The dam has broken. Now to contain the floods and redirect the life-giving water to new pastures.
“Studios’ Now-or-Never Choice: Sue AI Companies or Score a Major IP Deal”
That headline in The Hollywood Reporter comes hard on the heels of the SAG-AFTRA deal with AI company Replica Technology, as reported briefly in the last TNPS op-ed.
THR looks at possible copyright infringement issues with regard to movies, with the suggestion that actual movie frames are being copied.
The post is a must-read, but don’t get too carried away with the assumptions.
Per THR, “Studios could now have some of the proof they need to get off the sidelines, with AI image generators increasingly returning nearly exact replicas of frames from films. When prompted with ‘Thanos Infinity War,’ Midjourney — an AI program that translates text into hyper-realistic graphics — returns an image of the purple-skinned villain in a frame that appears to be taken from the Marvel movie or promotional materials, with few to no alterations made.”

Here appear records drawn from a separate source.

lemma cayley_eq_herglotz_plus_const:
  assumes AC: "is_AC_measure \<phi> \<alpha> \<mu>" and "cmod \<alpha> = 1"
    and hol: "\<phi> holomorphic_on ball 0 1" and maps: "\<phi> ` ball 0 1 \<subseteq> ball 0 1"
  shows "\<exists>c. \<forall>z\<in>ball 0 1. (\<alpha> + \<phi> z) / (\<alpha> - \<phi> z) = herglotz \<mu> z + c"
proof -
  interpret circle_measure \<mu>
    using AC by (rule AC_measure_circle_measure)
  have \<phi>_lt_1: "cmod (\<phi> z) < 1" if "z \<in> ball 0 1" for z
    using maps that by (metis image_subset_iff mem_ball_0)
  have "\<exists>c. \<forall>z\<in>ball 0 1. (\<alpha> + \<phi> z) / (\<alpha> - \<phi> z) - herglotz \<mu> z = c"
  proof (rule holomorphic_Re_eq_0_imp_constant)
    show "(\<lambda>z. (\<alpha> + \<phi> z) / (\<alpha> - \<phi> z) - herglotz \<mu> z) holomorphic_on ball 0 1"
      using \<phi>_lt_1 \<open>cmod \<alpha> = 1\<close>
      by (intro holomorphic_intros hol holomorphic_herglotz) force
    show "Re ((\<alpha> + \<phi> w) / (\<alpha> - \<phi> w) - herglotz \<mu> w) = 0" if "w \<in> ball 0 1" for w
      using Re_herglotz_AC_measure[OF AC \<open>cmod \<alpha> = 1\<close> that \<phi>_lt_1[OF that]] by simp
  qed auto
  then show ?thesis
    by (metis add.commute diff_eq_eq)
qed

section \<open>The reproducing kernel along Stolz paths\<close>

lemma norm_comp_op_nrk_sq:
  assumes "cmod w < 1"
  shows "(cmod (comp_op \<phi> (nrk w) z))^2 = (1 - (cmod w)^2) / (cmod (1 - cnj w * \<phi> z))^2"
  using assms by (simp add: comp_op_def nrk_def norm_divide power_divide abs_square_le_1)

lemma norm_comp_op_nrk_sq_le:
  assumes w: "cmod w < 1" and "cmod (\<phi> z) \<le> 1"
  shows "(cmod (comp_op \<phi> (nrk w) z))^2 \<le> (1 + cmod w) / (1 - cmod w)"
proof -
  have "cmod (cnj w * \<phi> z) \<le> cmod w"
    using assms mult_left_le[of "cmod (\<phi> z)" "cmod w"] by (simp add: norm_mult)
  then have "1 - cmod w \<le> cmod (1 - cnj w * \<phi> z)"
    using norm_triangle_ineq2[of 1 "cnj w * \<phi> z"] by simp
  then have "(1 - (cmod w)^2) / (cmod (1 - cnj w * \<phi> z))^2 \<le> (1 - (cmod w)^2) / (1 - cmod w)^2"
    using w by (intro frac_le power_mono) (auto simp: abs_square_le_1)
  also have "\<dots> = (1 + cmod w) * (1 - cmod w) / ((1 - cmod w) * (1 - cmod w))"
    by (simp add: power2_eq_square algebra_simps)
  also have "\<dots> = (1 + cmod w) / (1 - cmod w)"
    using w by simp
  finally show ?thesis
    using norm_comp_op_nrk_sq[OF w] by simp
qed

lemma continuous_on_comp_op_nrk:
  assumes "continuous_on (ball 0 1) \<phi>" "\<phi> ` ball 0 1 \<subseteq> ball 0 1" "cmod w < 1"
  shows "continuous_on (ball 0 1) (comp_op \<phi> (nrk w))"
proof -
  have "cmod (cnj w * \<phi> z) < 1" if "z \<in> ball 0 1" for z
    using assms that mult_strict_mono'[of "cmod w" 1 "cmod (\<phi> z)" 1]
    by (force simp: norm_mult)
  then have "1 - cnj w * \<phi> z \<noteq> 0" if "z \<in> ball 0 1" for z
    using that by force
  then show ?thesis
    unfolding comp_op_def nrk_def o_def using assms(1)
    by (intro continuous_intros) auto
qed

lemma continuous_on_comp_op_nrk_circle:
  assumes "continuous_on (ball 0 1) \<phi>" "\<phi> ` ball 0 1 \<subseteq> ball 0 1" "cmod w < 1"
    and "0 \<le> \<rho>" "\<rho> < 1" "continuous_on UNIV \<theta>"
  shows "continuous_on UNIV (\<lambda>t. (cmod (comp_op \<phi> (nrk w) (complex_of_real \<rho> * cis (\<theta> t))))^2)"
proof -
  have "continuous_on UNIV (\<lambda>t. complex_of_real \<rho> * cis (\<theta> t))"
    using assms(6) by (intro continuous_intros)
  moreover have "(\<lambda>t. complex_of_real \<rho> * cis (\<theta> t)) ` UNIV \<subseteq> ball 0 1"
    using assms(4,5) by (auto simp: norm_mult)
  ultimately have "continuous_on UNIV (\<lambda>t. comp_op \<phi> (nrk w) (complex_of_real \<rho> * cis (\<theta> t)))"
    by (rule continuous_on_compose2[OF continuous_on_comp_op_nrk[OF assms(1-3)]])
  then show ?thesis
    by (intro continuous_on_power continuous_on_norm)
qed

text \<open>As \<open>r \<rightarrow> 0\<^sup>+\<close> these points tend to 1 inside a Stolz angle. The kernel in \<^const>\<open>I_int\<close>
  is centred at \<open>stolz_path 1 \<kappa> r\<close>, and after the substitution \<open>t = \<kappa> r a + r s\<close> the
  integrand is evaluated at \<open>stolz_path \<delta> (s + \<kappa> a) r\<close>.\<close>

definition stolz_path :: "real \<Rightarrow> real \<Rightarrow> real \<Rightarrow> complex" where
  "stolz_path \<delta> c r = complex_of_real (1 - \<delta> * r) * cis (c * r)"

lemma norm_stolz_path: "\<delta> * r \<le> 1 \<Longrightarrow> cmod (stolz_path \<delta> c r) = 1 - \<delta> * r"
  unfolding stolz_path_def norm_mult norm_of_real norm_cis by simp

lemma stolz_path_in_ball: "0 < \<delta> * r \<Longrightarrow> \<delta> * r < 1 \<Longrightarrow> stolz_path \<delta> c r \<in> ball 0 1"
  by (simp add: norm_stolz_path)

lemma cnj_stolz_path: "cnj (stolz_path \<delta> c r) = stolz_path \<delta> (- c) r"
  by (simp add: stolz_path_def cis_cnj)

Which is rather like the New York Times prompt manipulation as described by OpenAI, where the prompter as good as asks AI to copy something, and then complains because it does what it was asked.
Ask Midjourney for an image of a ‘purple-skinned villain’ and then, if it came up with the same image of Thanos, there would be cause for concern.
But even here we are stretching common sense as pertains to fair use. One frame out of a film containing more than 214,272 frames (based on 24 frames per second) is hardly wholesale copyright infringement.
Deals with AI companies coming thick and fast
But let’s try keep this post brief (it happens!) and let’s stick with the news-element of this story.
Because no sooner has SAG-AFTRA signed a deal with an AI company (two major news publishers, Axell-Springer and Associated Press, have also done so, and Fox News is launching a blockchain platform to handle deals with AI companies), than the USA’s Authors Guild, somewhat less reactionary than its UK counterpart, the Society of Authors, has announced it is ready to negotiate “blanket licence” terms with AI companies.
“We have to be proactive because generative AI is here to stay,” said Mary Rasenberger, Authors Guild CEO, explaining, “They need high-quality books. Our position is that there’s nothing wrong with the tech, but it has to be legal and licensed.“
Fingers crossed that, with Nicolas Solomon, the head of the Society of Authors, stepping down, we might see common-sense reappear in the UK’s AI publishing debate.
Back in November Solomon was wildly asserting 43% of writers jobs would be lost to AI.
Author James Patterson is said to be helping finance the Authors Guild project, which would enable authors to opt into a platform that the AI companies would use, in return for compensation and other as yet undecided benefits.
Anti-AI law suits have yet to score a goal
While some authors have cases before US courts alleging IP infringement, little progress has been made so far in convincing a judge.
A case being led by industry big names including George R.R. Martin and John Grisham has accused OpenAI of indulging in “a systematic course of mass-scale copyright infringement”, but as yet no legal decision has ruled against the AI companies.
And the trend we are seeing now suggest few, if any, ever will.
Per THR, it is unknown precisely “which works were used as training materials (so) the authors point to ChatGPT generating summaries and in-depth analyses of the themes in their novels.”
The problem there being those summaries are readily available on the internet already. It proves nothing.
The dam has broken
Courts tend not to take kindly to cases being brought to court that could be settled outside court.
There may, along the way, be a few AI casualties, but overall it’s clear AI is slowly but surely winning this battle, and that can only be good for the long-term success of all the infotainment industries.
The dam has broken. Now to contain the floods and redirect the life-giving water to new pastures.